Repair-modification and evolution of the eukaryotic genome organization.

For a complete reconstruction of the damaged unmethylated islands, in theory, the conventional excision-repair is sufficient. For a complete reconstruction of the damaged methylated domains, a coupling has to take place involving the excision-repair (able to reestablish their ATGC-language) plus the DNA-methylase (able to reestablish their modified ATGC5mC-language).
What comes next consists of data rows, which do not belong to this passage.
(* Let $(X_1,\ldots,X_d)$ be a continuous random vector and assume (H1) and (H2) for $(X_1,\ldots,X_d)$ and for all perturbed vectors below. Suppose that for every $k\in\{1,\ldots,d\}$ there is $\epsilon_0>0$ such that for all $|\epsilon|<\epsilon_0$, $\mathbb{E}\big[\sup_{v\in[0,u]}|g_k'(v-(1+\epsilon)X_k)|\big]<\infty$. Then for every $i\in\{1,\ldots,d\}$, $\lim_{\epsilon\to0}A_{X_1,\ldots,X_{i-1},(1+\epsilon)X_i,X_{i+1},\ldots,X_d}(u)=A_{X_1,\ldots,X_d}(u)$.
   Context: For a vector $\mathbf Y=(Y_1,\ldots,Y_d)$ of nonnegative random variables and capital $u\ge0$, $\mathcal{U}^d_u=\{v\in[0,u]^d:\sum_kv_k=u\}$ and $I_{\mathbf Y}(v)=\sum_{k=1}^d\mathbb{E}[g_k(v_k-Y_k)\mathbf 1_{\{Y_k>v_k\}}\mathbf 1_{\{\sum_lY_l\le u\}}]$, with penalty functions $g_k:(-\infty,0]\to[0,\infty)$ that are $C^1$, convex, $g_k(0)=0$ (with $g_k'(x)$ understood as $0$ where the indicator vanishes). (H1): $I_{\mathbf Y}$ has a unique minimizer on $\mathcal{U}^d_u$, denoted $A_{Y_1,\ldots,Y_d}(u)$ (the optimal allocation). (H2): the $g_k$ are differentiable, the relevant $g_k'(v_k-Y_k)$ are integrable, and each $(Y_k,\sum_lY_l)$ has a joint density. *)

theory Defs
  imports "HOL-Probability.Probability"
begin

text \<open>Components are indexed by a finite type 'd (so d = CARD('d)).
  A random vector is Y :: 'd => 'a => real on a probability space M.\<close>

definition alloc_set :: "real \<Rightarrow> ('d::finite \<Rightarrow> real) set" where
  "alloc_set u = {v. (\<forall>k. 0 \<le> v k \<and> v k \<le> u) \<and> (\<Sum>k\<in>UNIV. v k) = u}"

definition risk_I :: "'a measure \<Rightarrow> ('d::finite \<Rightarrow> real \<Rightarrow> real) \<Rightarrow> ('d \<Rightarrow> 'a \<Rightarrow> real)
    \<Rightarrow> real \<Rightarrow> ('d \<Rightarrow> real) \<Rightarrow> real" where
  "risk_I M g Y u v = (\<Sum>k\<in>UNIV. integral\<^sup>L M (\<lambda>\<omega>.
      g k (v k - Y k \<omega>) * indicator {x. x > v k} (Y k \<omega>)
        * indicator {x. x \<le> u} (\<Sum>l\<in>UNIV. Y l \<omega>)))"

definition is_opt_alloc :: "'a measure \<Rightarrow> ('d::finite \<Rightarrow> real \<Rightarrow> real) \<Rightarrow> ('d \<Rightarrow> 'a \<Rightarrow> real)
    \<Rightarrow> real \<Rightarrow> ('d \<Rightarrow> real) \<Rightarrow> bool" where
  "is_opt_alloc M g Y u v \<longleftrightarrow> v \<in> alloc_set u \<and> (\<forall>w\<in>alloc_set u. risk_I M g Y u v \<le> risk_I M g Y u w)"

definition H1 :: "'a measure \<Rightarrow> ('d::finite \<Rightarrow> real \<Rightarrow> real) \<Rightarrow> ('d \<Rightarrow> 'a \<Rightarrow> real) \<Rightarrow> real \<Rightarrow> bool" where
  "H1 M g Y u \<longleftrightarrow> (\<exists>!v. is_opt_alloc M g Y u v)"

definition opt_alloc :: "'a measure \<Rightarrow> ('d::finite \<Rightarrow> real \<Rightarrow> real) \<Rightarrow> ('d \<Rightarrow> 'a \<Rightarrow> real)
    \<Rightarrow> real \<Rightarrow> ('d \<Rightarrow> real)" where
  "opt_alloc M g Y u = (THE v. is_opt_alloc M g Y u v)"

definition H2 :: "'a measure \<Rightarrow> ('d::finite \<Rightarrow> real \<Rightarrow> real) \<Rightarrow> ('d \<Rightarrow> real \<Rightarrow> real)
    \<Rightarrow> ('d \<Rightarrow> 'a \<Rightarrow> real) \<Rightarrow> real \<Rightarrow> bool" where
  "H2 M g g' Y u \<longleftrightarrow>
     (\<forall>k. \<forall>x\<le>0. (g k has_real_derivative g' k x) (at x within {..0})) \<and>
     (\<forall>k. \<forall>v\<in>alloc_set u. integrable M (\<lambda>\<omega>.
        g' k (v k - Y k \<omega>) * indicator {x. x > v k} (Y k \<omega>)
          * indicator {x. x \<le> u} (\<Sum>l\<in>UNIV. Y l \<omega>))) \<and>
     (\<forall>k. \<exists>f. distributed M (lborel \<Otimes>\<^sub>M lborel) (\<lambda>\<omega>. (Y k \<omega>, \<Sum>l\<in>UNIV. Y l \<omega>)) f)"

definition penalty :: "(real \<Rightarrow> real) \<Rightarrow> (real \<Rightarrow> real) \<Rightarrow> bool" where
  "penalty g g' \<longleftrightarrow> (\<forall>x\<le>0. (g has_real_derivative g' x) (at x within {..0}))
     \<and> continuous_on {..0} g' \<and> convex_on {..0} g \<and> g 0 = 0 \<and> (\<forall>x\<le>0. 0 \<le> g x)"

definition deriv0 :: "(real \<Rightarrow> real) \<Rightarrow> real \<Rightarrow> real" where
  "deriv0 g' x = (if x \<le> 0 then g' x else 0)"

definition perturb :: "('d \<Rightarrow> 'a \<Rightarrow> real) \<Rightarrow> 'd \<Rightarrow> real \<Rightarrow> ('d \<Rightarrow> 'a \<Rightarrow> real)" where
  "perturb X i \<epsilon> = X(i := (\<lambda>\<omega>. (1 + \<epsilon>) * X i \<omega>))"

end

theory Submission
  imports Defs
begin

text \<open>The optimal allocation is the unique minimiser of I over the compact simplex
  \<open>alloc_set u\<close>, so its continuity in \<open>\<epsilon>\<close> follows from the continuity of
  \<open>(\<epsilon>, v) \<mapsto> I_{X^\<epsilon>}(v)\<close> by the usual argmin argument: every subsequential limit of
  the perturbed minimisers is a minimiser for \<open>X\<close>, hence equals \<open>A_X(u)\<close>.
  The joint continuity is dominated convergence: on \<open>{\<Sum>Y \<le> u}\<close> the penalty is evaluated
  on the compact interval \<open>[-u, 0]\<close>, where it is bounded, and the indicator of
  \<open>{\<Sum>X \<le> u}\<close> converges off the null set \<open>{\<Sum>X = u}\<close>, which is null because
  \<open>(X_k, \<Sum>X)\<close> has a joint density.\<close>

lemma alloc_set_seq_compact:
  fixes a :: "nat \<Rightarrow> 'd::finite \<Rightarrow> real"
  assumes "\<And>n. a n \<in> alloc_set u"
  obtains r :: "nat \<Rightarrow> nat" and w where "strict_mono r" "w \<in> alloc_set u" "\<And>k. (\<lambda>n. a (r n) k) \<longlonglongrightarrow> w k"
proof -
  define K :: "(real^'d) set" where
    "K = {x. (\<forall>j. 0 \<le> x$j \<and> x$j \<le> u) \<and> (\<Sum>j\<in>UNIV. x$j) = u}"
  have "closed K" unfolding K_def
    by (intro closed_Collect_conj closed_Collect_all closed_Collect_le closed_Collect_eq
        continuous_intros)
  moreover have "bounded K"
    by (rule bounded_subset[OF bounded_cbox[of 0 "\<chi> _. u"]]) (auto simp: K_def mem_box_cart)
  ultimately have "seq_compact K"
    by (intro compact_imp_seq_compact) (simp add: compact_eq_bounded_closed)
  moreover have "(\<chi> j. a n j) \<in> K" for n
    using assms[of n] by (simp add: K_def alloc_set_def)
  ultimately obtain x r where x: "x \<in> K" "strict_mono r" "((\<lambda>n. \<chi> j. a n j) \<circ> r) \<longlonglongrightarrow> x"
    unfolding seq_compact_def by meson
  show thesis
  proof
    show "strict_mono r" by fact
    show "(\<lambda>j. x $ j) \<in> alloc_set u" using x(1) by (simp add: K_def alloc_set_def)
    show "(\<lambda>n. a (r n) k) \<longlonglongrightarrow> x $ k" for k
      using tendsto_vec_nth[OF x(3), of k] by (simp add: o_def)
  qed
qed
This coupling, defined as "repair-modification," is essentially functioning during the S-phase, because the DNA-polymerase beta (pol beta) is active during the whole cell cycle, whereas the DNA-methylase (met) is active in S and appears to be repressed or inactive during the major part of G1 and during the phases G2 and M. Consequently, after damage, some silent genes might become expressed during these phases, if it is true that DNA methylation is inversely proportional to transcription. Repair-modification should, therefore, exert a continuous differential pressure on evolution of given parts of the genome, when they are methylated to a different extent. According to Darwinian concepts, repair-modification would lead to a high variability, especially of uncoding DNA sequences (if hypermethylated), whereas on the basis of this variability, selection might favor transposition of specific regulatory elements into given transcriptional units. In these, the conservative nature of the coding elements (if unmethylated) would obviously be ensured by the conventional excision-repair.